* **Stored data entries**
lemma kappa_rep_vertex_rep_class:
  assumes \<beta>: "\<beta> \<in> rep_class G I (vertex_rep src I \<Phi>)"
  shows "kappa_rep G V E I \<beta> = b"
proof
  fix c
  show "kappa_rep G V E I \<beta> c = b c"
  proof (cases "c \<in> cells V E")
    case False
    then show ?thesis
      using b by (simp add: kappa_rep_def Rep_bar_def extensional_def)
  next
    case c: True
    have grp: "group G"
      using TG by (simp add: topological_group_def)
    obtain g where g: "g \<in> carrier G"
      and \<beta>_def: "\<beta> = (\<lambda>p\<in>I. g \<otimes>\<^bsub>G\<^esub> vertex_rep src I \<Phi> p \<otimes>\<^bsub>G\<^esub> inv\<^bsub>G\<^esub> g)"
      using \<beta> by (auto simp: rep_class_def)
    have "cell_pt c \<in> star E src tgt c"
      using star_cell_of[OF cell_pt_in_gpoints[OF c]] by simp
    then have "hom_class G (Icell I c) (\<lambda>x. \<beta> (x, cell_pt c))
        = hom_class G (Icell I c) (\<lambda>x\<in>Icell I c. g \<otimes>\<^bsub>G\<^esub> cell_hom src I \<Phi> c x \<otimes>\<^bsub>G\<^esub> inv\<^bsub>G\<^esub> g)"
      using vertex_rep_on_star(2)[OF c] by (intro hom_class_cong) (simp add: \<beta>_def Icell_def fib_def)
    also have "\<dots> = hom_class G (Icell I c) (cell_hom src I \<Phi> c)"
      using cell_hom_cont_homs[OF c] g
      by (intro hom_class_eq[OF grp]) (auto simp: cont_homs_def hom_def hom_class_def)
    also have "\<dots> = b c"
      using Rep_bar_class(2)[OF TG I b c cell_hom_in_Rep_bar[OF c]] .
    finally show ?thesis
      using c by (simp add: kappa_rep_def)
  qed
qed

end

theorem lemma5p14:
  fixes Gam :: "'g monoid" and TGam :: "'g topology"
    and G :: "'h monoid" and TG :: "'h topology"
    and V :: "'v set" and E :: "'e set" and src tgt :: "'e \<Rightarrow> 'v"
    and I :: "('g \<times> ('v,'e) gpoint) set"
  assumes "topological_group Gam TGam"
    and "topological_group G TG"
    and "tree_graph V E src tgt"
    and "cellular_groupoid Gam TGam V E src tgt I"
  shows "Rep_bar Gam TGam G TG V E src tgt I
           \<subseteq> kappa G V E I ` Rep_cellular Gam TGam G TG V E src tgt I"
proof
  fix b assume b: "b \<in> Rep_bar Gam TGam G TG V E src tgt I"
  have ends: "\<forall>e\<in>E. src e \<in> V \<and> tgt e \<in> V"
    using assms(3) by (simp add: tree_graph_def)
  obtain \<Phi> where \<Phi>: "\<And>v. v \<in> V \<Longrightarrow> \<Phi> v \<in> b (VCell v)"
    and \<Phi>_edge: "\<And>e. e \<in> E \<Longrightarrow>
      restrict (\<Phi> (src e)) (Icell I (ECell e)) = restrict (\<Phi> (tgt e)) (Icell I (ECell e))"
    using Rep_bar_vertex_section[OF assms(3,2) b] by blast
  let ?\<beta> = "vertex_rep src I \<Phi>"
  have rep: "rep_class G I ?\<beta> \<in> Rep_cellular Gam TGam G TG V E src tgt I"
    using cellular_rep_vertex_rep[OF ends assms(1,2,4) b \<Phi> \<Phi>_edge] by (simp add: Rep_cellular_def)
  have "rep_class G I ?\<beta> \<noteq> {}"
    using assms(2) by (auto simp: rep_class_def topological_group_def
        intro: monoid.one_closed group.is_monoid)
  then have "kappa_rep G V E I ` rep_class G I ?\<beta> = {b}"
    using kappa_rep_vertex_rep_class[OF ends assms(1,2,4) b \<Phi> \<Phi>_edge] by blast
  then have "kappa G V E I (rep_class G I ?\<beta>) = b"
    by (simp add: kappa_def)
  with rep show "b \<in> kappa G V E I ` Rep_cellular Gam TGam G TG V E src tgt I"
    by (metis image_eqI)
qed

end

* **Work order**
Take the entries above and copy them out exactly.

* **Solved exercise**
lemma kappa_rep_vertex_rep_class:
  assumes \<beta>: "\<beta> \<in> rep_class G I (vertex_rep src I \<Phi>)"
  shows "kappa_rep G V E I \<beta> = b"
proof
  fix c
  show "kappa_rep G V E I \<beta> c = b c"
  proof (cases "c \<in> cells V E")
    case False
    then show ?thesis
      using b by (simp add: kappa_rep_def Rep_bar_def extensional_def)
  next
    case c: True
    have grp: "group G"
      using TG by (simp add: topological_group_def)
    obtain g where g: "g \<in> carrier G"
      and \<beta>_def: "\<beta> = (\<lambda>p\<in>I. g \<otimes>\<^bsub>G\<^esub> vertex_rep src I \<Phi> p \<otimes>\<^bsub>G\<^esub> inv\<^bsub>G\<^esub> g)"
      using \<beta> by (auto simp: rep_class_def)
    have "cell_pt c \<in> star E src tgt c"
      using star_cell_of[OF cell_pt_in_gpoints[OF c]] by simp
    then have "hom_class G (Icell I c) (\<lambda>x. \<beta> (x, cell_pt c))
        = hom_class G (Icell I c) (\<lambda>x\<in>Icell I c. g \<otimes>\<^bsub>G\<^esub> cell_hom src I \<Phi> c x \<otimes>\<^bsub>G\<^esub> inv\<^bsub>G\<^esub> g)"
      using vertex_rep_on_star(2)[OF c] by (intro hom_class_cong) (simp add: \<beta>_def Icell_def fib_def)
    also have "\<dots> = hom_class G (Icell I c) (cell_hom src I \<Phi> c)"
      using cell_hom_cont_homs[OF c] g
      by (intro hom_class_eq[OF grp]) (auto simp: cont_homs_def hom_def hom_class_def)
    also have "\<dots> = b c"
      using Rep_bar_class(2)[OF TG I b c cell_hom_in_Rep_bar[OF c]] .
    finally show ?thesis
      using c by (simp add: kappa_rep_def)
  qed
qed

end

theorem lemma5p14:
  fixes Gam :: "'g monoid" and TGam :: "'g topology"
    and G :: "'h monoid" and TG :: "'h topology"
    and V :: "'v set" and E :: "'e set" and src tgt :: "'e \<Rightarrow> 'v"
    and I :: "('g \<times> ('v,'e) gpoint) set"
  assumes "topological_group Gam TGam"
    and "topological_group G TG"
    and "tree_graph V E src tgt"
    and "cellular_groupoid Gam TGam V E src tgt I"
  shows "Rep_bar Gam TGam G TG V E src tgt I
           \<subseteq> kappa G V E I ` Rep_cellular Gam TGam G TG V E src tgt I"
proof
  fix b assume b: "b \<in> Rep_bar Gam TGam G TG V E src tgt I"
  have ends: "\<forall>e\<in>E. src e \<in> V \<and> tgt e \<in> V"
    using assms(3) by (simp add: tree_graph_def)
  obtain \<Phi> where \<Phi>: "\<And>v. v \<in> V \<Longrightarrow> \<Phi> v \<in> b (VCell v)"
    and \<Phi>_edge: "\<And>e. e \<in> E \<Longrightarrow>
      restrict (\<Phi> (src e)) (Icell I (ECell e)) = restrict (\<Phi> (tgt e)) (Icell I (ECell e))"
    using Rep_bar_vertex_section[OF assms(3,2) b] by blast
  let ?\<beta> = "vertex_rep src I \<Phi>"
  have rep: "rep_class G I ?\<beta> \<in> Rep_cellular Gam TGam G TG V E src tgt I"
    using cellular_rep_vertex_rep[OF ends assms(1,2,4) b \<Phi> \<Phi>_edge] by (simp add: Rep_cellular_def)
  have "rep_class G I ?\<beta> \<noteq> {}"
    using assms(2) by (auto simp: rep_class_def topological_group_def
        intro: monoid.one_closed group.is_monoid)
  then have "kappa_rep G V E I ` rep_class G I ?\<beta> = {b}"
    using kappa_rep_vertex_rep_class[OF ends assms(1,2,4) b \<Phi> \<Phi>_edge] by blast
  then have "kappa G V E I (rep_class G I ?\<beta>) = b"
    by (simp add: kappa_def)
  with rep show "b \<in> kappa G V E I ` Rep_cellular Gam TGam G TG V E src tgt I"
    by (metis image_eqI)
qed

end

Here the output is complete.